--- START ---
(* Let $d\geq 2$ and let $\vec q=(q_0,\dots,q_{d-1})$ with $q_i\in[0,1)$ and $\sum_i q_i=1$. For a realization (as described in the context) define $$T(\vec q)=p(0|\overline{A},U)-\sum_{i=0}^{d-1}\big|p(i|\overline{A},\mathbb{1})-q_i\big|.$$ (i) For every realization, when the probabilities are computed with the absoluteness-of-measurement rule, $T(\vec q)\leq\max\{q_0,\dots,q_{d-1}\}$. (ii) There exists a realization for which, when the probabilities are computed with the non-absoluteness-of-measurement rule, $T(\vec q)=1$.
   Context: A realization consists of: a complex Hilbert space $\mathcal{H}_L$; an orthonormal basis $\{|\psi_i\rangle\}_{i=0}^{d-1}$ of $\mathbb{C}^d$ (the Friend's rank-one projective measurement $\overline{A}$); orthonormal vectors $\{|f_i\rangle\}_{i=0}^{d-1}\subset\mathcal{H}_L$; a unit vector $|\psi\rangle\in\mathbb{C}^d$; and a unitary $U$ on $\mathbb{C}^d\otimes\mathcal{H}_L$. Put $|F_i\rangle=|\psi_i\rangle\otimes|f_i\rangle$ and $\alpha_i=\langle\psi_i|\psi\rangle$. For $W\in\{\mathbb{1},U\}$: Absoluteness-of-measurement rule: $p(a|\overline{A},W)=\sum_i|\alpha_i|^2|\langle F_a|W|F_i\rangle|^2$. Non-absoluteness-of-measurement rule: $p(a|\overline{A},W)=\big|\langle F_a|W\sum_i\alpha_i|F_i\rangle\big|^2$. *)

theory Defs
  imports "HOL-Analysis.Analysis"
begin

text \<open>Complex Hilbert spaces are modelled concretely as l2(I): square-summable
  functions I \<Rightarrow> complex (every complex Hilbert space is isometrically isomorphic
  to l2(I) for some index set I).\<close>

definition l2 :: "('a \<Rightarrow> complex) set" where
  "l2 = {f. (\<lambda>x. (cmod (f x))\<^sup>2) summable_on UNIV}"

definition cinner :: "('a \<Rightarrow> complex) \<Rightarrow> ('a \<Rightarrow> complex) \<Rightarrow> complex" where
  "cinner f g = (\<Sum>\<^sub>\<infinity>x. cnj (f x) * g x)"

definition Cd :: "nat \<Rightarrow> (nat \<Rightarrow> complex) set" where
  "Cd d = {v. \<forall>k\<ge>d. v k = 0}"

text \<open>C^d \<otimes> H_L  =  l2({0..d-1} \<times> I).\<close>
definition tensor_space :: "nat \<Rightarrow> (nat \<times> 'h \<Rightarrow> complex) set" where
  "tensor_space d = {F. F \<in> l2 \<and> (\<forall>k x. k \<ge> d \<longrightarrow> F (k, x) = 0)}"

definition tensor :: "(nat \<Rightarrow> complex) \<Rightarrow> ('h \<Rightarrow> complex) \<Rightarrow> (nat \<times> 'h \<Rightarrow> complex)" where
  "tensor v f = (\<lambda>(k, x). v k * f x)"

definition orthonormal_family :: "'v set \<Rightarrow> ('v \<Rightarrow> 'v \<Rightarrow> complex) \<Rightarrow> nat \<Rightarrow> (nat \<Rightarrow> 'v) \<Rightarrow> bool" where
  "orthonormal_family S ip d e \<longleftrightarrow>
     (\<forall>i<d. e i \<in> S) \<and> (\<forall>i<d. \<forall>j<d. ip (e i) (e j) = (if i = j then 1 else 0))"

text \<open>Unitary operator on C^d \<otimes> H_L (only its action on that space matters).\<close>
definition unitary_on :: "nat \<Rightarrow> ((nat \<times> 'h \<Rightarrow> complex) \<Rightarrow> (nat \<times> 'h \<Rightarrow> complex)) \<Rightarrow> bool" where
  "unitary_on d U \<longleftrightarrow>
     (\<forall>F\<in>tensor_space d. U F \<in> tensor_space d) \<and>
     (\<forall>F\<in>tensor_space d. \<forall>G\<in>tensor_space d. \<forall>a b.
        U (\<lambda>z. a * F z + b * G z) = (\<lambda>z. a * U F z + b * U G z)) \<and>
     (\<forall>F\<in>tensor_space d. \<forall>G\<in>tensor_space d. cinner (U F) (U G) = cinner F G) \<and>
     tensor_space d \<subseteq> U ` tensor_space d"

text \<open>A realization with lab space l2('h): d, basis psis, records fs, state psi, unitary U.\<close>
definition realization ::
  "nat \<Rightarrow> (nat \<Rightarrow> nat \<Rightarrow> complex) \<Rightarrow> (nat \<Rightarrow> 'h \<Rightarrow> complex) \<Rightarrow> (nat \<Rightarrow> complex)
   \<Rightarrow> ((nat \<times> 'h \<Rightarrow> complex) \<Rightarrow> (nat \<times> 'h \<Rightarrow> complex)) \<Rightarrow> bool" where
  "realization d psis fs psi U \<longleftrightarrow>
     orthonormal_family (Cd d) cinner d psis \<and>
     orthonormal_family l2 cinner d fs \<and>
     psi \<in> Cd d \<and> cinner psi psi = 1 \<and>
     unitary_on d U"

definition Fvec :: "(nat \<Rightarrow> nat \<Rightarrow> complex) \<Rightarrow> (nat \<Rightarrow> 'h \<Rightarrow> complex) \<Rightarrow> nat \<Rightarrow> (nat \<times> 'h \<Rightarrow> complex)" where
  "Fvec psis fs i = tensor (psis i) (fs i)"

definition alpha :: "(nat \<Rightarrow> nat \<Rightarrow> complex) \<Rightarrow> (nat \<Rightarrow> complex) \<Rightarrow> nat \<Rightarrow> complex" where
  "alpha psis psi i = cinner (psis i) psi"

definition p_abs ::
  "nat \<Rightarrow> (nat \<Rightarrow> nat \<Rightarrow> complex) \<Rightarrow> (nat \<Rightarrow> 'h \<Rightarrow> complex) \<Rightarrow> (nat \<Rightarrow> complex)
   \<Rightarrow> ((nat \<times> 'h \<Rightarrow> complex) \<Rightarrow> (nat \<times> 'h \<Rightarrow> complex)) \<Rightarrow> nat \<Rightarrow> real" where
  "p_abs d psis fs psi W a =
     (\<Sum>i<d. (cmod (alpha psis psi i))\<^sup>2 * (cmod (cinner (Fvec psis fs a) (W (Fvec psis fs i))))\<^sup>2)"

definition p_nonabs ::
  "nat \<Rightarrow> (nat \<Rightarrow> nat \<Rightarrow> complex) \<Rightarrow> (nat \<Rightarrow> 'h \<Rightarrow> complex) \<Rightarrow> (nat \<Rightarrow> complex)
   \<Rightarrow> ((nat \<times> 'h \<Rightarrow> complex) \<Rightarrow> (nat \<times> 'h \<Rightarrow> complex)) \<Rightarrow> nat \<Rightarrow> real" where
  "p_nonabs d psis fs psi W a =
     (cmod (cinner (Fvec psis fs a) (W (\<lambda>z. \<Sum>i<d. alpha psis psi i * Fvec psis fs i z))))\<^sup>2"
lemma has_derivative_dz:
  assumes "C2_on S w" "p \<in> S"
  shows "(dz a b w has_derivative
      (\<lambda>k. (1/2) *\<^sub>R ((fst k *\<^sub>R px (px w) p + snd k *\<^sub>R py (px w) p)
        - cmul a b iunit (fst k *\<^sub>R px (py w) p + snd k *\<^sub>R py (py w) p)))) (at p)"
proof -
  have "C1_on S (px w)" "C1_on S (py w)"
    using assms(1) by (auto simp: C2_on_def)
  note wx = C1_on_has_derivative[OF this(1) assms(2)] and wy = C1_on_has_derivative[OF this(2) assms(2)]
  have const: "((\<lambda>q. iunit) has_derivative (\<lambda>k. 0)) (at p)" by simp
  show ?thesis
    unfolding dz_def[abs_def]
    by (rule has_derivative_eq_rhs, (rule has_derivative_scaleR_right has_derivative_diff wx
          has_derivative_cmul[OF const wy])+) simp
qed

lemma has_derivative_dzbar:
  assumes "C2_on S w" "p \<in> S"
  shows "(dzbar a b w has_derivative
      (\<lambda>k. (1/2) *\<^sub>R ((fst k *\<^sub>R px (px w) p + snd k *\<^sub>R py (px w) p)
        + cmul a b iunit (fst k *\<^sub>R px (py w) p + snd k *\<^sub>R py (py w) p)))) (at p)"
proof -
  have "C1_on S (px w)" "C1_on S (py w)"
    using assms(1) by (auto simp: C2_on_def)
  note wx = C1_on_has_derivative[OF this(1) assms(2)] and wy = C1_on_has_derivative[OF this(2) assms(2)]
  have const: "((\<lambda>q. iunit) has_derivative (\<lambda>k. 0)) (at p)" by simp
  show ?thesis
    unfolding dzbar_def[abs_def]
    by (rule has_derivative_eq_rhs, (rule has_derivative_scaleR_right has_derivative_add wx
          has_derivative_cmul[OF const wy])+) simp
qed

lemma dzbar_dz_commute:
  assumes "open S" "p \<in> S" "C2_on S w"
  shows "dzbar a b (dz a b w) p = dz a b (dzbar a b w) p"
  using C2_on_py_px_eq_px_py[OF assms]
  by (simp add: dzbar_has_derivative[OF has_derivative_dz[OF assms(3,2)]]
      dz_has_derivative[OF has_derivative_dzbar[OF assms(3,2)]] cmul_def iunit_def prod_eq_iff algebra_simps)

lemma dzbar_dz_eq_0:
  assumes "open S" "p \<in> S" "C2_on S w" "holomorphic_ab_on a b S w"
  shows "dzbar a b (dz a b w) p = 0"
proof -
  have "dz a b (dzbar a b w) p = dz a b (\<lambda>q. 0) p"
    using assms by (intro dz_cong_open[of S]) (auto simp: holomorphic_ab_on_def)
  then show ?thesis
    using dzbar_dz_commute[OF assms(1-3)] by simp
qed

definition dzbar_Lop_holo ::
  "real \<Rightarrow> real \<Rightarrow> (real \<times> real \<Rightarrow> cab) \<Rightarrow> (real \<times> real \<Rightarrow> cab) \<Rightarrow> (real \<times> real \<Rightarrow> cab) \<Rightarrow>
   (real \<times> real \<Rightarrow> cab) \<Rightarrow> (real \<times> real \<Rightarrow> cab) \<Rightarrow> (real \<times> real \<Rightarrow> cab) \<Rightarrow> real \<times> real \<Rightarrow> cab" where
  "dzbar_Lop_holo a b A B E F G w p =
     cmul a b (dzbar a b A p) (dz a b w p) + cmul a b (dzbar a b B p) (cconj (dz a b w p))
   + cmul a b (B p) (dzbar a b (\<lambda>q. cconj (dz a b w q)) p)
   + cmul a b (dzbar a b E p) (w p) + cmul a b (dzbar a b F p) (cconj (w p))
   + cmul a b (F p) (dzbar a b (\<lambda>q. cconj (w q)) p) + dzbar a b G p"

lemma dzbar_Lop_eq_dzbar_Lop_holo:
  assumes "open \<Omega>" "p \<in> \<Omega>" and w: "C2_on \<Omega> w" "holomorphic_ab_on a b \<Omega> w"
    and "A differentiable (at p)" "B differentiable (at p)" "E differentiable (at p)"
      "F differentiable (at p)" "G differentiable (at p)"
  shows "dzbar a b (Lop a b A B C D E F G w) p = dzbar_Lop_holo a b A B E F G w p"
proof -
  have dw: "w differentiable (at p)" "dz a b w differentiable (at p)"
    using w(1) assms(2) differentiableI[OF has_derivative_dz[OF w(1) assms(2)]]
    by (simp_all add: C2_on_def C1_on_def)
  have "dzbar a b (Lop a b A B C D E F G w) p = dzbar a b (\<lambda>q.
      cmul a b (A q) (dz a b w q) + cmul a b (B q) (cconj (dz a b w q))
    + cmul a b (E q) (w q) + cmul a b (F q) (cconj (w q)) + G q) p"
    using w(2) by (intro dzbar_cong_open[OF assms(1,2)]) (simp add: Lop_def holomorphic_ab_on_def)
  also have "\<dots> = cmul a b (A p) (dzbar a b (dz a b w) p) + cmul a b (dzbar a b A p) (dz a b w p)
      + (cmul a b (B p) (dzbar a b (\<lambda>q. cconj (dz a b w q)) p) + cmul a b (dzbar a b B p) (cconj (dz a b w p)))
      + (cmul a b (E p) (dzbar a b w p) + cmul a b (dzbar a b E p) (w p))
      + (cmul a b (F p) (dzbar a b (\<lambda>q. cconj (w q)) p) + cmul a b (dzbar a b F p) (cconj (w p)))
      + dzbar a b G p"
    using assms(5-) dw by (simp add: dzbar_add dzbar_cmul differentiable_cmul differentiable_cconj)
  moreover have "dzbar a b (dz a b w) p = 0" "dzbar a b w p = 0"
    using dzbar_dz_eq_0[OF assms(1-2) w] w(2) assms(2) by (auto simp: holomorphic_ab_on_def)
  ultimately show ?thesis
    by (simp add: dzbar_Lop_holo_def add_ac)
qed

lemma dzbar_Lop_holo_const:
  "dzbar_Lop_holo a b A B E F G (\<lambda>q. c) p
     = cmul a b (dzbar a b E p) c + cmul a b (dzbar a b F p) (cconj c) + dzbar a b G p"
  by (simp add: dzbar_Lop_holo_def)

lemma coefficient_conditions_imp_dzbar_Lop_holo_eq_0:
  assumes "open \<Omega>" "p \<in> \<Omega>" "\<forall>q\<in>\<Omega>. B q = 0" "\<forall>q\<in>\<Omega>. F q = 0"
    and "holomorphic_ab_on a b \<Omega> A" "holomorphic_ab_on a b \<Omega> E" "holomorphic_ab_on a b \<Omega> G"
  shows "dzbar_Lop_holo a b A B E F G w p = 0"
  using assms dzbar_eq_0_if_vanishes_on_open[OF assms(1,2)]
  by (simp add: dzbar_Lop_holo_def holomorphic_ab_on_def)

lemma associated_CR_Lop_iff:
  assumes "open \<Omega>" "C1_on \<Omega> A" "C1_on \<Omega> B" "C1_on \<Omega> E" "C1_on \<Omega> F" "C1_on \<Omega> G"
  shows "associated_CR a b \<Omega> (Lop a b A B C D E F G) \<longleftrightarrow>
    (\<forall>w. C2_on \<Omega> w \<longrightarrow> holomorphic_ab_on a b \<Omega> w \<longrightarrow> (\<forall>p\<in>\<Omega>. dzbar_Lop_holo a b A B E F G w p = 0))"
proof -
  have "holomorphic_ab_on a b \<Omega> (Lop a b A B C D E F G w) \<longleftrightarrow>
      (\<forall>p\<in>\<Omega>. dzbar_Lop_holo a b A B E F G w p = 0)"
    if "C2_on \<Omega> w" "holomorphic_ab_on a b \<Omega> w" for w
    using dzbar_Lop_eq_dzbar_Lop_holo[OF assms(1) _ that] assms(2-)
    by (auto simp: holomorphic_ab_on_def[of _ _ _ "Lop a b A B C D E F G w"] C1_on_def)
  then show ?thesis
    by (auto simp: associated_CR_def)
qed

section \<open>Quadratic test functions\<close>

definition quad :: "cab \<Rightarrow> cab \<Rightarrow> cab \<Rightarrow> cab \<Rightarrow> cab \<Rightarrow> cab \<Rightarrow> real \<times> real \<Rightarrow> cab" where
  "quad c0 c1 c2 c3 c4 c5 q = c0 + fst q *\<^sub>R c1 + snd q *\<^sub>R c2 + (fst q)\<^sup>2 *\<^sub>R c3
      + (fst q * snd q) *\<^sub>R c4 + (snd q)\<^sup>2 *\<^sub>R c5"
--- END ---
-- Exercise brief --
Only the number is needed: state how many lines in the listing contain "that".

-- Answer --
2